Killing In The Name Of: Hijacking the Christmas number onepublished at 15:45 Greenwich Mean Time 20 December 2024
Jamie Whitehead
Live page editor
“I’d had enough of X Factor always being Christmas Number One,” Jon Morter tells me.
Quite a lot of people had. Simon Cowell’s talent show juggernaut had held the top spot four years in a row by 2009 - but Jon did something about it.
“I played around a lot on social media a lot and I thought I could take them on,” he says.
“It started as a silly idea,” he says now when asked if the choice of song - which contains a not insignificant number of swearwords towards the end - helped the campaign.
“Brits like to have a go at the Big Man. And he (Cowell) was trying to take over a Christmas tradition.
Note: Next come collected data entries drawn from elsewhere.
(* Let $p\neq 2$ be a prime and $G=Z_{p^{\lambda_1}}\times\cdots\times Z_{p^{\lambda_n}}$ with $0<\lambda_1<\cdots<\lambda_n$. If $n\ge 3$ and $\lambda_n-\lambda_{n-1}=1$, then $J(G)$ has precisely two maximal down-set chains, namely $D_1(G)=\{J(i,1):i\in\{1,\dots,n\}\}$ and $$D_2'(G)=\{J(n-1,j):j\in\{1,\dots,\lambda_{n-1}-\lambda_{n-2}\}\}\cup\{J(n,j):j\in\{1,\dots,\lambda_{n-1}-\lambda_{n-2}+1\}\}.$$
   Context: Tuples are ordered componentwise; for $\mathbf 0\le\mathbf a\le(\lambda_1,\dots,\lambda_n)$, $T(\mathbf a)$ is the set of $(g_1,\dots,g_n)\in G$ with $|g_i|=p^{a_i}$, and $R(\mathbf a)=\bigcup_{\mathbf b\le\mathbf a}T(\mathbf b)$. For $i\in\{1,\dots,n\}$ and $j\in\{1,\dots,\lambda_i\}$, $J(i,j)=R(\mathbf a)$ where $a_k=j$ for $k\ge i$ and $a_k=\max\{0,\,j-(\lambda_i-\lambda_k)\}$ for $k<i$. $J(G)$ is the set of all $J(i,j)$, partially ordered by inclusion. A down set of a poset $P$ is a subset $X$ such that $x\le y\in X$ implies $x\in X$; a down-set chain is a subset that is both a chain and a down set; it is maximal if it is not contained in a strictly larger down-set chain. *)

theory Defs
  imports Main "HOL-Computational_Algebra.Primes"
begin

text \<open>G = Z_{p^lam_1} x ... x Z_{p^lam_n}; elements are tuples indexed by 1..n,
  represented as functions nat => nat, with g i < p^(lam i) for i in {1..n} and
  g i = 0 outside {1..n}.\<close>

definition cyc_group :: "nat \<Rightarrow> nat \<Rightarrow> (nat \<Rightarrow> nat) \<Rightarrow> (nat \<Rightarrow> nat) set" where
  "cyc_group p n lam = {g. (\<forall>i\<in>{1..n}. g i < p ^ lam i) \<and> (\<forall>i. i \<notin> {1..n} \<longrightarrow> g i = 0)}"

definition add_ord :: "nat \<Rightarrow> nat \<Rightarrow> nat" where
  "add_ord m x = m div gcd x m"

definition T_set :: "nat \<Rightarrow> nat \<Rightarrow> (nat \<Rightarrow> nat) \<Rightarrow> (nat \<Rightarrow> nat) \<Rightarrow> (nat \<Rightarrow> nat) set" where
  "T_set p n lam a = {g \<in> cyc_group p n lam. \<forall>i\<in>{1..n}. add_ord (p ^ lam i) (g i) = p ^ a i}"

definition R_set :: "nat \<Rightarrow> nat \<Rightarrow> (nat \<Rightarrow> nat) \<Rightarrow> (nat \<Rightarrow> nat) \<Rightarrow> (nat \<Rightarrow> nat) set" where
  "R_set p n lam a = (\<Union>b\<in>{b. \<forall>i\<in>{1..n}. b i \<le> a i}. T_set p n lam b)"

text \<open>J(i,j); natural-number subtraction truncates at 0, giving max 0 (j - (lam i - lam k)).\<close>
definition J_set :: "nat \<Rightarrow> nat \<Rightarrow> (nat \<Rightarrow> nat) \<Rightarrow> nat \<Rightarrow> nat \<Rightarrow> (nat \<Rightarrow> nat) set" where
  "J_set p n lam i j = R_set p n lam (\<lambda>k. if k \<ge> i then j else j - (lam i - lam k))"

definition J_poset :: "nat \<Rightarrow> nat \<Rightarrow> (nat \<Rightarrow> nat) \<Rightarrow> (nat \<Rightarrow> nat) set set" where
  "J_poset p n lam = {J_set p n lam i j | i j. i \<in> {1..n} \<and> j \<in> {1..lam i}}"

definition down_set :: "'a set set \<Rightarrow> 'a set set \<Rightarrow> bool" where
  "down_set P X \<longleftrightarrow> X \<subseteq> P \<and> (\<forall>x\<in>P. \<forall>y\<in>X. x \<subseteq> y \<longrightarrow> x \<in> X)"

definition down_set_chain :: "'a set set \<Rightarrow> 'a set set \<Rightarrow> bool" where
  "down_set_chain P X \<longleftrightarrow> down_set P X \<and> chain\<^sub>\<subseteq> X"

definition maximal_down_set_chain :: "'a set set \<Rightarrow> 'a set set \<Rightarrow> bool" where
  "maximal_down_set_chain P X \<longleftrightarrow> down_set_chain P X \<and> \<not> (\<exists>Y. down_set_chain P Y \<and> X \<subset> Y)"

end

theory Submission
  imports Defs
begin

(*
  Write J(i,j) = R(e) with exponent vector e_k = j - (lam_i - lam_k) (truncated).  Inclusion of the
  sets R(e) is the componentwise order of the exponent vectors, because R(e) contains an element
  whose k-th coordinate has order exactly p^(e_k), and such an element lies in R(e') only if e <= e'.
  Since lam_n = lam_(n-1) + 1, this makes D_1 the principal down set of J(1,1) and D_2' the principal
  down set of J(n, lam_n - lam_(n-2)); both are chains and their generators are incomparable.  Any
  other J(i,j) has j >= 2 and j > lam_i - lam_(n-2), so it lies above the incomparable pair
  J(n-2,1), J(n,2) and its principal down set is not a chain.  Hence every down-set chain is
  contained in one of the two principal ones.
*)

lemma down_set_chain_subset_principal_pair:
  assumes X: "down_set_chain P X"
    and below: "\<And>x. x \<in> P \<Longrightarrow> chain\<^sub>\<subseteq> {y\<in>P. y \<subseteq> x} \<Longrightarrow> x \<subseteq> a \<or> x \<subseteq> b"
  shows "X \<subseteq> {y\<in>P. y \<subseteq> a} \<or> X \<subseteq> {y\<in>P. y \<subseteq> b}"
proof -
  have XP: "X \<subseteq> P" and chain: "chain\<^sub>\<subseteq> X"
    and down: "\<And>x y. x \<in> P \<Longrightarrow> y \<in> X \<Longrightarrow> x \<subseteq> y \<Longrightarrow> x \<in> X"
    using X unfolding down_set_chain_def down_set_def by blast+
  have ab: "x \<subseteq> a \<or> x \<subseteq> b" if "x \<in> X" for x
  proof (rule below)
    show "x \<in> P" using XP that by blast
    have "{y\<in>P. y \<subseteq> x} \<subseteq> X" using down that by blast
    then show "chain\<^sub>\<subseteq> {y\<in>P. y \<subseteq> x}" using chain unfolding chain_subset_def by blast
  qed
  show ?thesis
  proof (rule ccontr)
    assume "\<not> ?thesis"
    then obtain x y where "x \<in> X" "\<not> x \<subseteq> a" "y \<in> X" "\<not> y \<subseteq> b" using XP by blast
    moreover from this have "x \<subseteq> y \<or> y \<subseteq> x" using chain unfolding chain_subset_def by blast
    ultimately show False using ab by blast
  qed
qed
So we started a group, it grew organically”.
Back in 2009, there was a loophole on Facebook which allowed you take over the admin of another group, so Morter sent the Get Rage to Number One group to journalists, before cloning it into another RATM fan group and sending another email a few hours later saying “look, there’s 4,000 more now”.
Once the band, who are from California, got wind of what was happening, they did all they could to help - even promising to play a free show in London if they got the coveted top spot.
“I knew it was happening when they played the song live on Radio 5 Live,” Morter says.
Sadly, Jon didn’t actually get to hear the moment all his hard work paid off.
“I was on my to the BBC in a car that didn’t have a working radio,” he recounts “But my phone would not stop pinging so I knew we’d done it.
“It was insane. It was such a unique thing that happened.”
RATM kept their word on the free show, playing London’s Finsbury Park the following summer.
And is Jon still on Rage Against the Machine’s Christmas card list?
“I speak to (guitarist) Tom Morello a lot,” he says. “I always get a message when the band are in the UK and we hang out".